Entonces se agachó y pedaleó fuerte, cada vez más fuerte. Cuando pasó frente a la laguna
sintió que lo llamaban. Había chicos con barriletes, chicos con cañas de pescar, chicos con una
honda en la mano, preparados para tirarle a cualquier cosa.

El Negro los saludó con un gesto, y siguió pedaleando. Ahí se terminaban las calles, que se
convertían en caminos cada vez más angostos y torcidos, que se abrían a los costados en
pequeños senderos apenas marcados en el pasto.

Por los más angostos pasaban algunas pocas vacas. Por los más anchos pasaban las hormigas.

Ahí había sombra para elegir porque comenzaba el monte, y para todos lados se veían
angostos caminos marrones y caminos verdes que se perdían bajo los árboles. Por los más
anchos —los marrones— pasaban las hormigas.

Ya se sabe, los mejores son los verdes, porque son los que no van a ninguna parte, y por donde
se entra a los caminos olvidados.

El Negro eligió uno de esos, el más verde de todos, y cuando empezó a recorrerlo el tiempo
comenzó a tener esa incierta medida de los sueños.

"Chau Negro, chau", era lo único que se podía escuchar en el viento entre las copas de los
árboles, en las ramas del costado del sendero, en la voz de los pájaros que buscaban semillas
en el suelo y se apartaban del paso de la bicicleta.

El Negro los saludaba con la mano y otra vez sentía como una cosquilla en la punta de los
dedos.

Cuando volvió, cansado, sintió las calles pesadas por la tierra blanda.
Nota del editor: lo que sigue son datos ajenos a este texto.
lemma coordinate_bound: "is_norm_on k N \<Longrightarrow> \<exists>a>0. \<forall>x\<in>Rk k. \<forall>i. a * \<bar>x i\<bar> \<le> N x"
proof (induction k arbitrary: N)
  case 0
  then show ?case
    by (intro exI[of _ 1]) (auto simp: Rk_def norm_on_Rk.zero norm_on_Rk_def)
next
  case (Suc j)
  interpret norm_on_Rk "Suc j" N
    using Suc.prems by (simp add: norm_on_Rk_def)
  obtain a' where "a' > 0" "\<And>x i. x \<in> Rk j \<Longrightarrow> a' * \<bar>x i\<bar> \<le> N x"
    using Suc.IH[of N] restrict[of j] by (auto simp: norm_on_Rk_def)
  then show ?case
    using coordinate_bound_Suc by blast
qed

section \<open>A near-Auerbach basis of the unit ball\<close>

definition col_mat :: "nat \<Rightarrow> (nat \<Rightarrow> nat \<Rightarrow> real) \<Rightarrow> real Matrix.mat" where
  "col_mat k v = Matrix.mat k k (\<lambda>(i, j). v j i)"

lemma col_mat_carrier [simp]: "col_mat k v \<in> carrier_mat k k"
  by (simp add: col_mat_def)

lemma abs_det_col_mat_le:
  assumes "\<And>j i. j < k \<Longrightarrow> \<bar>v j i\<bar> \<le> R"
  shows "\<bar>det (col_mat k v)\<bar> \<le> fact k * R ^ k"
proof -
  have "\<bar>det (col_mat k v)\<bar> \<le> (\<Sum>p\<in>{p. p permutes {0..<k}}. \<bar>signof p * (\<Prod>i = 0..<k. v (p i) i)\<bar>)"
    unfolding det_def'[OF col_mat_carrier]
    by (rule order_trans[OF sum_abs eq_refl],
        intro sum.cong refl arg_cong[where f = abs] arg_cong2[where f = "(*)"] prod.cong)
      (auto simp: col_mat_def permutes_in_image)
  also have "\<dots> \<le> (\<Sum>p\<in>{p. p permutes {0..<k}}. R ^ k)"
  proof (rule sum_mono)
    fix p assume p: "p \<in> {p. p permutes {0..<k}}"
    have "\<bar>signof p * (\<Prod>i = 0..<k. v (p i) i)\<bar> = (\<Prod>i = 0..<k. \<bar>v (p i) i\<bar>)"
      by (simp add: abs_mult sign_def abs_prod)
    also have "\<dots> \<le> (\<Prod>i = 0..<k. R)"
      using assms p by (intro prod_mono) (auto simp: permutes_in_image)
    finally show "\<bar>signof p * (\<Prod>i = 0..<k. v (p i) i)\<bar> \<le> R ^ k"
      by simp
  qed
  also have "\<dots> = fact k * R ^ k"
    by (simp add: card_permutations)
  finally show ?thesis .
qed

text \<open>Taking a family with at least half the largest volume \<open>|det|\<close> avoids any compactness argument.\<close>
lemma exists_near_maximal_det:
  assumes B: "\<forall>y\<in>B. \<forall>i. \<bar>y i\<bar> \<le> R"
    and v0: "\<forall>j<k. v0 j \<in> B" "det (col_mat k v0) \<noteq> 0"
  shows "\<exists>v. (\<forall>j<k. v j \<in> B) \<and> det (col_mat k v) \<noteq> 0 \<and>
    (\<forall>w. (\<forall>j<k. w j \<in> B) \<longrightarrow> \<bar>det (col_mat k w)\<bar> \<le> 2 * \<bar>det (col_mat k v)\<bar>)"
proof -
  define D where "D = {\<bar>det (col_mat k v)\<bar> | v. \<forall>j<k. v j \<in> B}"
  have bdd: "bdd_above D"
    unfolding D_def using B by (intro bdd_aboveI[of _ "fact k * R ^ k"]) (auto intro!: abs_det_col_mat_le)
  have D0: "\<bar>det (col_mat k v0)\<bar> \<in> D"
    using v0 by (auto simp: D_def)
  then have pos: "Sup D > 0"
    using v0(2) cSup_upper[OF D0 bdd] by linarith
  then obtain d where "d \<in> D" "Sup D / 2 < d"
    using less_cSup_iff[OF _ bdd, of "Sup D / 2"] D0 by auto
  then obtain v where v: "\<forall>j<k. v j \<in> B" "Sup D < 2 * \<bar>det (col_mat k v)\<bar>"
    by (auto simp: D_def)
  have "\<bar>det (col_mat k w)\<bar> \<le> 2 * \<bar>det (col_mat k v)\<bar>" if "\<forall>j<k. w j \<in> B" for w
  proof -
    have "\<bar>det (col_mat k w)\<bar> \<in> D"
      using that by (auto simp: D_def)
    then show ?thesis
      using cSup_upper[OF _ bdd] v(2) by fastforce
  qed
  then show ?thesis
    using v pos by (intro exI[of _ v]) auto
qed
text \<open>Normalize a minimizing sequence for \<open>\<parallel>g\<^sub>u\<parallel> / \<parallel>u\<parallel>\<close> in \<open>V\<close>. Its minimal gradients are
  bounded, so the Rellich--Kondrachov property gives a subsequence converging to some
  \<open>l \<in> K\<close> with \<open>\<parallel>l\<parallel> = 1\<close>. The infimum is attained at \<open>l\<close> because \<open>u \<mapsto> \<parallel>g\<^sub>u\<parallel>\<close> is lower
  semicontinuous: the gradients of approximants of \<open>l\<close> form nested bounded closed convex
  subsets of the reflexive space \<open>W\<close>, which have a common point (by Hahn--Banach and strict
  separation), and by (GS4) this point is a gradient of \<open>l\<close>. The same argument applied to a
  constant sequence shows that minimal gradients exist. Regularity makes the infimum positive.\<close>

section \<open>Hahn--Banach extension\<close>

definition sublinear :: "('a::real_vector \<Rightarrow> real) \<Rightarrow> bool" where
  "sublinear p \<longleftrightarrow> (\<forall>x y. p (x + y) \<le> p x + p y) \<and> (\<forall>c x. c \<ge> 0 \<longrightarrow> p (c *\<^sub>R x) = c * p x)"

lemma sublinear_add: "sublinear p \<Longrightarrow> p (x + y) \<le> p x + p y"
  unfolding sublinear_def by blast

lemma sublinear_scaleR: "sublinear p \<Longrightarrow> c \<ge> 0 \<Longrightarrow> p (c *\<^sub>R x) = c * p x"
  unfolding sublinear_def by blast

lemma sublinear_zero: "sublinear p \<Longrightarrow> p 0 = 0"
  using sublinear_scaleR[of p 0 0] by simp
(* Let $\mathcal{M}=\langle S,\iota,\mathsf{Act},P,\mathsf{Z},\mathsf{obs}\rangle$ be an MDP. For every trace $\tau\in\mathsf{Z}^+$ and every state-risk function $r\colon S\to\mathbb{R}_{\ge0}$: $R_r(\tau)=\max_{\mathsf{bel}\in V(\mathsf{est}_{\mathsf{MDP}}(\tau))}\sum_{s\in S}\mathsf{bel}(s)\cdot r(s)$.
   Context: An MDP is a tuple $\langle S,\iota,\mathsf{Act},P,\mathsf{Z},\mathsf{obs}\rangle$: finite state set $S$, initial distribution $\iota\in\mathsf{Distr}(S)$, finite action set $\mathsf{Act}$, partial transition function $P\colon S\times\mathsf{Act}\rightharpoonup\mathsf{Distr}(S)$ (write $P(s,\alpha,s')=P(s,\alpha)(s')$), finite observation set $\mathsf{Z}$, observation function $\mathsf{obs}\colon S\to\mathsf{Distr}(\mathsf{Z})$; $\mathsf{AvAct}(s)=\{\alpha\mid P(s,\alpha)\text{ defined}\}\neq\emptyset$. A finite path is $\pi=s_0a_0\dots a_{n-1}s_n$ with $\iota(s_0)>0$, $P(s_i,a_i)(s_{i+1})>0$; $\mathrm{last}(\pi)=s_n$. A scheduler $\sigma$ maps each finite path $\pi$ to a distribution on $\mathsf{AvAct}(\mathrm{last}(\pi))$; $\Sigma$ is the set of schedulers; $\Pr^\sigma(\pi)=\iota(s_0)\prod_{i<n}\sigma(s_0a_0\dots s_i)(a_i)P(s_i,a_i)(s_{i+1})$. For a trace $\tau=z_0\dots z_n$ and path $\pi=s_0\dots s_m$, $\Pr(\tau\mid\pi)=\prod_{i=0}^n\mathsf{obs}(s_i)(z_i)$ if $m=n$, else $0$; $\mathrm{Paths}(\tau)$ are the paths with as many states as $\tau$ has observations; $\Pr^\sigma(\tau)=\sum_\pi\Pr^\sigma(\pi)\Pr(\tau\mid\pi)$; $\Pr^\sigma(\pi\mid\tau)=\Pr(\tau\mid\pi)\Pr^\sigma(\pi)/\Pr^\sigma(\tau)$ with $0/0=0$. $R_r(\tau)=\sup_{\sigma\in\Sigma}\sum_{\pi\in\mathrm{Paths}(\tau)}\Pr^\sigma(\pi\mid\tau)r(\mathrm{last}(\pi))$. Beliefs: $\mathsf{Bel}=\mathsf{Distr}(S)\cup\{\mathbf{0}\}$, viewed as vectors in $\mathbb{R}^S$. $\mathsf{est}_{\mathsf{MDP}}(z)=\{b_z\}$ with $b_z(s)=\iota(s)\mathsf{obs}(s)(z)/\sum_{\hat s}\iota(\hat s)\mathsf{obs}(\hat s)(z)$ (or $\mathbf{0}$ if the denominator vanishes), and $\mathsf{est}_{\mathsf{MDP}}(\tau\cdot z)=\bigcup_{\mathsf{bel}\in\mathsf{est}_{\mathsf{MDP}}(\tau)}\mathsf{est}^{\mathsf{up}}(\mathsf{bel},z)$, where $\mathsf{bel}'\in\mathsf{est}^{\mathsf{up}}(\mathsf{bel},z)$ iff there is $\varsigma\colon S\to\mathsf{Distr}(\mathsf{Act})$ with $\varsigma(s)$ supported in $\mathsf{AvAct}(s)$ and $\mathsf{bel}'(s')=\dfrac{\sum_s\mathsf{bel}(s)\sum_\alpha\varsigma(s)(\alpha)P(s,\alpha,s')\mathsf{obs}(s')(z)}{\sum_s\mathsf{bel}(s)\sum_\alpha\varsigma(s)(\alpha)\sum_{\hat s}P(s,\alpha,\hat s)\mathsf{obs}(\hat s)(z)}$ for all $s'$ ($0/0=0$). For $B\subseteq\mathsf{Bel}$, a belief in $B$ is interior if it is a convex combination of beliefs in $B\setminus\{\mathsf{bel}\}$; $V(B)\subseteq B$ is the set of non-interior elements (vertices of the convex hull of $B$). *)

theory Defs
  imports Complex_Main
begin

definition is_distr :: "('x::finite \<Rightarrow> real) \<Rightarrow> bool" where
  "is_distr d \<longleftrightarrow> (\<forall>x. 0 \<le> d x) \<and> (\<Sum>x\<in>UNIV. d x) = 1"

definition AvAct :: "('s \<Rightarrow> 'a \<Rightarrow> ('s \<Rightarrow> real) option) \<Rightarrow> 's \<Rightarrow> 'a set" where
  "AvAct P s = {\<alpha>. P s \<alpha> \<noteq> None}"

definition is_mdp ::
  "('s::finite \<Rightarrow> real) \<Rightarrow> ('s \<Rightarrow> 'a::finite \<Rightarrow> ('s \<Rightarrow> real) option) \<Rightarrow> ('s \<Rightarrow> 'z::finite \<Rightarrow> real) \<Rightarrow> bool" where
  "is_mdp iota P obs \<longleftrightarrow> is_distr iota \<and> (\<forall>s. is_distr (obs s)) \<and>
     (\<forall>s. AvAct P s \<noteq> {}) \<and> (\<forall>s \<alpha> d. P s \<alpha> = Some d \<longrightarrow> is_distr d)"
—¿Dónde te habías metido? — preguntó su mamá—. ¡Hace horas que te ando buscando! ¿No
ves la hora que es? ¿Dónde estuviste?

—Pero... —comenzó a contestar el Negro.

Iba a decir "apenas anduve un rato en bicicleta", cuando se dio cuenta de que su mamá estaba
prendiendo las luces, y que del sol apenas quedaban algunos reflejos en el patio.
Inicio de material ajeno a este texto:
(* Let $j\in\mathbb Z$ and let $\lambda$ be a partition with an addable node $\mathfrak l$ in column $j$, and let $\lambda^+=\lambda\cup\{\mathfrak l\}$. Then \[F(\lambda^+)+\sum_{x\in X_\lambda}F(\lambda^{[x]})=2F(\lambda).\]
   Context: Partitions are identified with Young diagrams $\{(a,b)\in\mathbb N^2:b\le\lambda_a\}$; nodes are elements of $\mathbb N^2$; $(a,b)$ has height $\operatorname{ht}(a,b)=a+b$ and lies in column $b-a$. Addable node: a node not in $\lambda$ whose addition gives a partition; removable node: a node of $\lambda$ whose removal gives a partition. $X_\lambda$ (relative to $\mathfrak l$) is the set of integers $x$ such that $\lambda$ has a removable node $\mathfrak n$ in column $j+x$ with $\operatorname{ht}(\mathfrak n)=\operatorname{ht}(\mathfrak l)-1$ and $\operatorname{ht}(\mathfrak p)<\operatorname{ht}(\mathfrak l)$ for all nodes $\mathfrak p\in\lambda$ in all columns strictly between $j$ and $j+x$. For $x\in X_\lambda$ with $x>0$, $\lambda^{[x]}$ is obtained from $\lambda$ by removing the highest node of $\lambda$ in each of columns $j+1,\dots,j+x$; for $x<0$, by removing the highest node in each of columns $j+x,\dots,j-1$. The function $F$ is defined recursively: $F(\varnothing)=1$; for $\lambda\ne\varnothing$ choose a node $(a,b)$ of $\lambda$ with $a+b$ maximal, and set $F(\lambda)=\binom{a+b}{a}F((\lambda_{a+1},\lambda_{a+2},\dots))\,F((\max\{\lambda_1-b,0\},\max\{\lambda_2-b,0\},\dots))$; this is independent of the choice of $(a,b)$. *)

theory Defs
  imports Main
begin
Fue a lavarse sin protestar.

—¿Dónde estuviste? —insistió la mamá—. ¿Te pasa algo?

—No, nada, me duelen las piernas, de pedalear.


—Bueno, vení que te hago fricciones.

Claro que no le dolían las piernas. Pero el Negro sabía que eso podía dejarla tranquila a su
mamá.

Nunca iba a entender que él no sabía en qué caminos había estado todo ese tiempo.

El ojo del tigre

Ahí estaba, reluciente, casi imposible ojo de tigre que miraba fijo y hacía correr un
estremecimiento por la piel. Rodeado de otros mil ojos era el único que importaba, el único
que hacía poner los pelos de punta, que hacía secar la boca y sentir ese cosquilleo que casi se
parecía al miedo.

Desde el primer momento se llamó así, "el ojo del tigre". Y ahí estaba, como esperando la
repetida visita del Negro, que pasaba mañana y tarde para mirarlo una y otra vez, entre las
bolitas de ese infinito frasco que guardaba los sueños de los chicos.
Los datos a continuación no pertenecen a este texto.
lemma lc_coeff_dv_term:
  assumes "M \<le> mshift m"
  shows "lc_coeff (dv_term m) (k, M) = (if (k, M) = (mdeg m, mshift m) then 1 else 0)"
proof -
  have "lc_coeff (dv_remainder m) M = 0"
    using assms dv_remainder(1)[of m] by (intro lc_coeff_notin) (auto simp: lc_over_def)
  then show ?thesis by (auto simp: dv_term_def lc_coeff_lift)
qed

definition dv_expansion :: "(monom \<times> 'r) list \<Rightarrow> ((nat \<times> monom) \<times> 'r) list" where
  "dv_expansion ys = concat (map (\<lambda>(m,c). map (\<lambda>(key,c'). (key, c * c')) (dv_term m)) ys)"

lemma lc_eval_dv_expansion: "lc_eval log.mixed_eval (dv_expansion ys) = lc_eval (meval dv) ys"
  by (induction ys) (auto simp: dv_expansion_def lc_eval_scale lc_eval_dv_term)

lemma lc_coeff_dv_expansion: "lc_coeff (dv_expansion ys) key = lc_eval (\<lambda>m. lc_coeff (dv_term m) key) ys"
  by (induction ys) (auto simp: dv_expansion_def lc_coeff_scale)

lemma lc_over_dv_expansion: "lc_over K (\<lambda>_. True) ys \<Longrightarrow> lc_over K (\<lambda>_. True) (dv_expansion ys)"
  using lc_over_dv_term by (fastforce simp: dv_expansion_def lc_over_def)

lemma log_mixed_relation_of_hyperalgebraic:
  assumes "hyperalgebraic K \<delta> v"
  obtains d xs where "log.mixed_relation d xs"
proof -
  have "(\<lambda>i. (\<delta>^^i) v) = dv" by (simp add: dv_def fun_eq_iff)
  then obtain ys m1 where ys: "lc_over K (\<lambda>_. True) ys" "lc_eval (meval dv) ys = 0"
    and m1: "lc_coeff ys m1 \<noteq> 0"
    using assms unfolding hyperalgebraic_iff_lc_relation by auto
  define xs where "xs = dv_expansion ys"
  have "lc_over K (\<lambda>_. True) xs" using ys(1) by (simp add: xs_def lc_over_dv_expansion)
  then obtain d where "lc_over K (\<lambda>key. True \<and> mdeg (snd key) \<le> d) xs" by (rule lc_over_bounded)
  then have d: "lc_over K (\<lambda>(k,m). k \<in> UNIV \<and> mdeg m \<le> d) xs" by (auto simp: lc_over_def)
  have eval_xs: "lc_eval log.mixed_eval xs = lc_eval (meval dv) ys" by (simp add: xs_def lc_eval_dv_expansion)
  have coeff_xs: "lc_coeff xs key = lc_eval (\<lambda>m. lc_coeff (dv_term m) key) ys" for key
    by (simp add: xs_def lc_coeff_dv_expansion)
  define S where "S = {m. lc_coeff ys m \<noteq> 0 \<and> mdeg m = mdeg m1}"
  have fin: "finite (mshift ` S)"
    using finite_lc_coeff_support[of ys] by (intro finite_imageI rev_finite_subset[of _ S]) (auto simp: S_def)
  have "Min (mshift ` S) \<in> mshift ` S" using m1 by (intro Min_in[OF fin]) (auto simp: S_def)
  then obtain ms where ms: "ms \<in> S" "mshift ms = Min (mshift ` S)" by auto
  have ms_min: "mshift ms \<le> mshift m" if "m \<in> S" for m
    unfolding ms(2) using fin that by simp
  have coeff_term: "lc_coeff (dv_term m) (mdeg m1, mshift ms) = (if m = ms then 1 else 0)"
    if "lc_coeff ys m \<noteq> 0" for m
  proof (cases "mdeg m = mdeg m1")
    case True
    then have "mshift ms \<le> mshift m" using ms_min that by (simp add: S_def)
    moreover have "(mdeg m1, mshift ms) = (mdeg m, mshift m) \<longleftrightarrow> m = ms"
      using True ms(1) mshift_inj[of m ms] by (auto simp: S_def)
    ultimately show ?thesis by (simp add: lc_coeff_dv_term)
  next
    case False
    then show ?thesis using ms by (auto simp: dv_term_def lc_coeff_lift S_def)
  qed
  have "lc_coeff xs (mdeg m1, mshift ms)
      = (\<Sum>m\<in>{k. lc_coeff ys k \<noteq> 0}. if m = ms then lc_coeff ys m else 0)"
    unfolding coeff_xs lc_eval_eq_sum_support by (rule sum.cong) (simp_all add: coeff_term)
  also have "\<dots> = lc_coeff ys ms" using ms(1) finite_lc_coeff_support[of ys] by (simp add: S_def)
  finally have lead: "lc_coeff xs (mdeg m1, mshift ms) \<noteq> 0" using ms(1) by (simp add: S_def)
  then have "log.mixed_relation d xs"
    using d eval_xs ys(2) lead unfolding log.mixed_relation_def by auto
  then show ?thesis by (rule that)
qed

lemma telescoper_of_hyperalgebraic_multiplicative:
  assumes "hyperalgebraic K \<delta> v"
  shows "linear_telescoper (const_field K \<phi>) K \<phi> \<delta> (\<delta> a * a_inv)"
proof -
  obtain d xs where "log.mixed_relation d xs"
    using log_mixed_relation_of_hyperalgebraic[OF assms] .
  then consider "sequence_telescoper K \<phi> (\<lambda>j. (\<delta>^^j) g)"
    | k0 k1 e where "k0 \<noteq> k1" "e \<in> K" "e \<noteq> 0" "a^k1 * \<phi> e = a^k0 * e"
    using log.mixed_relation_dichotomy by blast
  then show ?thesis
  proof cases
    case 1
    then show ?thesis by (simp add: linear_telescoper_iff g_def)
  next
    case 2
    then show ?thesis using aK aiK aai by (intro telescoper_of_power_eigen_ratio) auto
  qed
qed

end

lemma sum_atMost_trim_top:
  fixes c :: "nat \<Rightarrow> 'a::semiring_0"
  assumes "i \<le> n" "c i \<noteq> 0"
  obtains n' where "n' \<le> n" "c n' \<noteq> 0" "(\<Sum>j\<le>n. c j * x j) = (\<Sum>j\<le>n'. c j * x j)"
proof -
  define I where "I = {j. j \<le> n \<and> c j \<noteq> 0}"
  have I: "finite I" "i \<in> I" using assms by (auto simp: I_def)
  then have top: "Max I \<in> I" by (intro Max_in) auto
  have above: "c j = 0" if "Max I < j" "j \<le> n" for j
  proof (rule ccontr)
    assume "c j \<noteq> 0"
    then have "j \<in> I" using that by (simp add: I_def)
    then show False using Max_ge[OF I(1)] that by (meson not_le)
  qed
  have "(\<Sum>j\<le>n. c j * x j) = (\<Sum>j\<le>Max I. c j * x j)"
  proof (rule sum.mono_neutral_right)
    show "{..Max I} \<subseteq> {..n}" using top by (simp add: I_def)
    show "\<forall>j\<in>{..n} - {..Max I}. c j * x j = 0" using above by simp
  qed simp
  then show ?thesis using that[of "Max I"] top by (simp add: I_def)
qed

context eigen_unit begin

text \<open>\<open>v\<^sup>i\<^sup>+\<^sup>1 \<delta>\<^sup>i u\<close> is a differential polynomial in \<open>v\<close> of order \<open>i + 1\<close> whose only term
  involving \<open>\<delta>\<^sup>i\<^sup>+\<^sup>1 v\<close> is \<open>v\<^sup>i \<delta>\<^sup>i\<^sup>+\<^sup>1 v\<close>.\<close>
definition cleared_du where "cleared_du i = v ^ Suc i * du i"
definition cleared_lead where "cleared_lead i = v ^ i * dv (Suc i)"

lemma dv_0: "dv 0 = v" by (simp add: dv_def)
lemma v_u: "v * u = dv 1"
proof -
  have "v * u = \<delta> v * (v * w)" by (simp add: u_def ac_simps)
  then show ?thesis using vw by (simp add: dv_def)
qed

lemma cleared_du_Suc: "cleared_du (Suc i) = v * \<delta> (cleared_du i) - of_nat (Suc i) * dv 1 * cleared_du i"
proof -
  have dv_pow: "\<delta> (v ^ Suc i) = of_nat (Suc i) * u * v ^ Suc i" unfolding u_def by (rule delta_power[OF vw])
  have "\<delta> (cleared_du i) = of_nat (Suc i) * u * v ^ Suc i * du i + v ^ Suc i * du (Suc i)"
    unfolding cleared_du_def by (simp only: delta_mult dv_pow du_Suc[symmetric]) (simp add: algebra_simps)
  then have "v * \<delta> (cleared_du i) = of_nat (Suc i) * (v * u) * cleared_du i + cleared_du (Suc i)"
    by (simp add: cleared_du_def algebra_simps)
  then show ?thesis using v_u by simp
qed

lemma cleared_lead_Suc: "v * \<delta> (cleared_lead i) = of_nat i * dv 1 * cleared_lead i + cleared_lead (Suc i)"
proof -
  have dv_pow: "\<delta> (v ^ i) = of_nat i * u * v ^ i" unfolding u_def by (rule delta_power[OF vw])
  have "v * \<delta> (cleared_lead i) = of_nat i * (v * u) * cleared_lead i + cleared_lead (Suc i)"
    unfolding cleared_lead_def by (simp only: delta_mult dv_pow dv_Suc[symmetric]) (simp add: algebra_simps)
  then show ?thesis using v_u by simp
qed

lemma cleared_lead_meval: "cleared_lead i = meval dv (Poly_Mapping.single 0 i + mvar (Suc i))"
  by (simp add: cleared_lead_def meval_add dv_0)

lemma cleared_du_leading: "\<exists>U\<in>lc_span K (meval dv) (\<lambda>m. Poly_Mapping.keys m \<subseteq> {..<Suc i}). cleared_du i = cleared_lead i + U"
proof (induction i)
  case 0
  have "cleared_du 0 = cleared_lead 0" using v_u by (simp add: cleared_du_def cleared_lead_def du_def)
  then show ?case by (intro bexI[of _ 0]) auto
next
  case (Suc i)
  then obtain U where U: "U \<in> lc_span K (meval dv) (\<lambda>m. Poly_Mapping.keys m \<subseteq> {..<Suc i})" and cleared_du: "cleared_du i = cleared_lead i + U" by blast
  have "cleared_du (Suc i) = v * \<delta> (cleared_lead i) + v * \<delta> U - of_nat (Suc i) * dv 1 * (cleared_lead i + U)"
    unfolding cleared_du_Suc cleared_du by (simp add: algebra_simps)
  also have "\<dots> = cleared_lead (Suc i) + ((- 1) * meval dv (Poly_Mapping.single 0 i + mvar (Suc i) + mvar 1) + v * \<delta> U + (- of_nat (Suc i)) * (U * dv 1))"
    unfolding cleared_lead_Suc by (simp add: cleared_lead_meval meval_add algebra_simps)
  finally have eq: "cleared_du (Suc i) = cleared_lead (Suc i) + ((- 1) * meval dv (Poly_Mapping.single 0 i + mvar (Suc i) + mvar 1) + v * \<delta> U + (- of_nat (Suc i)) * (U * dv 1))" .
  let ?Q = "\<lambda>m. Poly_Mapping.keys m \<subseteq> {..<Suc (Suc i)}"
  have A: "(- 1) * meval dv (Poly_Mapping.single 0 i + mvar (Suc i) + mvar 1) \<in> lc_span K (meval dv) ?Q"
  proof (rule lc_span_single)
    have k1: "Poly_Mapping.keys (Poly_Mapping.single 0 i + mvar (Suc i)) \<subseteq> {0, Suc i}"
      by (rule order_trans[OF keys_add_subset]) auto
    have "Poly_Mapping.keys (Poly_Mapping.single 0 i + mvar (Suc i) + mvar 1) \<subseteq> {0, Suc i, 1}"
      by (rule order_trans[OF keys_add_subset]) (use k1 in auto)
    then show "?Q (Poly_Mapping.single 0 i + mvar (Suc i) + mvar 1)" by auto
  qed simp
  have dU: "\<delta> U \<in> lc_span K (meval dv) ?Q"
    using delta_lc_span[where x=dv and Q="\<lambda>_. True" and r=U and j="Suc i", OF dv_Suc] U by simp
  have B: "v * \<delta> U \<in> lc_span K (meval dv) ?Q"
  proof -
    have "\<delta> U * dv 0 \<in> lc_span K (meval dv) ?Q"
    proof (rule lc_span_mult_var[OF dU])
      fix m :: monom assume "?Q m"
      then show "?Q (m + mvar 0)" using keys_add_subset[of m "mvar 0"] by auto
    qed
    then show ?thesis by (simp add: dv_0 mult.commute)
  qed
  have C: "(- of_nat (Suc i)) * (U * dv 1) \<in> lc_span K (meval dv) ?Q"
  proof (rule lc_span_scale)
    show "- of_nat (Suc i) \<in> K" by simp
    show "U * dv 1 \<in> lc_span K (meval dv) ?Q"
    proof (rule lc_span_mult_var[OF U])
      fix m :: monom assume "Poly_Mapping.keys m \<subseteq> {..<Suc i}"
      then show "?Q (m + mvar 1)" using keys_add_subset[of m "mvar 1"] by auto
    qed
  qed
  show ?case using eq A B C by (blast intro: lc_span_add)
qed

lemma v_power_lc_span: "x \<in> lc_span K (meval dv) (\<lambda>m. Poly_Mapping.keys m \<subseteq> {..<Suc j}) \<Longrightarrow>
    v ^ k * x \<in> lc_span K (meval dv) (\<lambda>m. Poly_Mapping.keys m \<subseteq> {..<Suc j})"
proof (induction k)
  case (Suc k)
  have "v ^ k * x * dv 0 \<in> lc_span K (meval dv) (\<lambda>m. Poly_Mapping.keys m \<subseteq> {..<Suc j})"
  proof (rule lc_span_mult_var[OF Suc.IH[OF Suc.prems]])
    fix m :: monom assume "Poly_Mapping.keys m \<subseteq> {..<Suc j}"
    then show "Poly_Mapping.keys (m + mvar 0) \<subseteq> {..<Suc j}" using keys_add_subset[of m "mvar 0"] by auto
  qed
  then show ?case by (simp add: dv_0 ac_simps)
qed simp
Las bolitas eran azules, verdes, rojas, amarillas, de colores mezclados, las más increíbles
combinaciones que uno pudiera imaginar.

Atilio, el Negro, Miguel, todos los chicos, pasaban algunos de sus mejores momentos con las
narices pegadas a la vidriera, mirando el frasco de bolitas. Cada uno elegía ésta y ésta y aquella
otra en una imposible elección porque todas eran hermosas. Y la más hermosa era esa roja con
vetas verdes y blancas, hasta que se miraba la azul con tonos más claros y oscuros. Y los ojos
solos saltaban al marrón y naranja que daba una sensación de movimiento o al amarillo
limón que podía comerse como un caramelo.

Y entonces comenzaban a cambiar los sabores, y del gusto a frutilla se pasaba a la menta, al
sabor a naranja o al más ácido del limón y al más suave del dulce de leche.

Y el olor de las frutillas se mezclaba con el olor de la menta, de las mandarinas, de las naranjas.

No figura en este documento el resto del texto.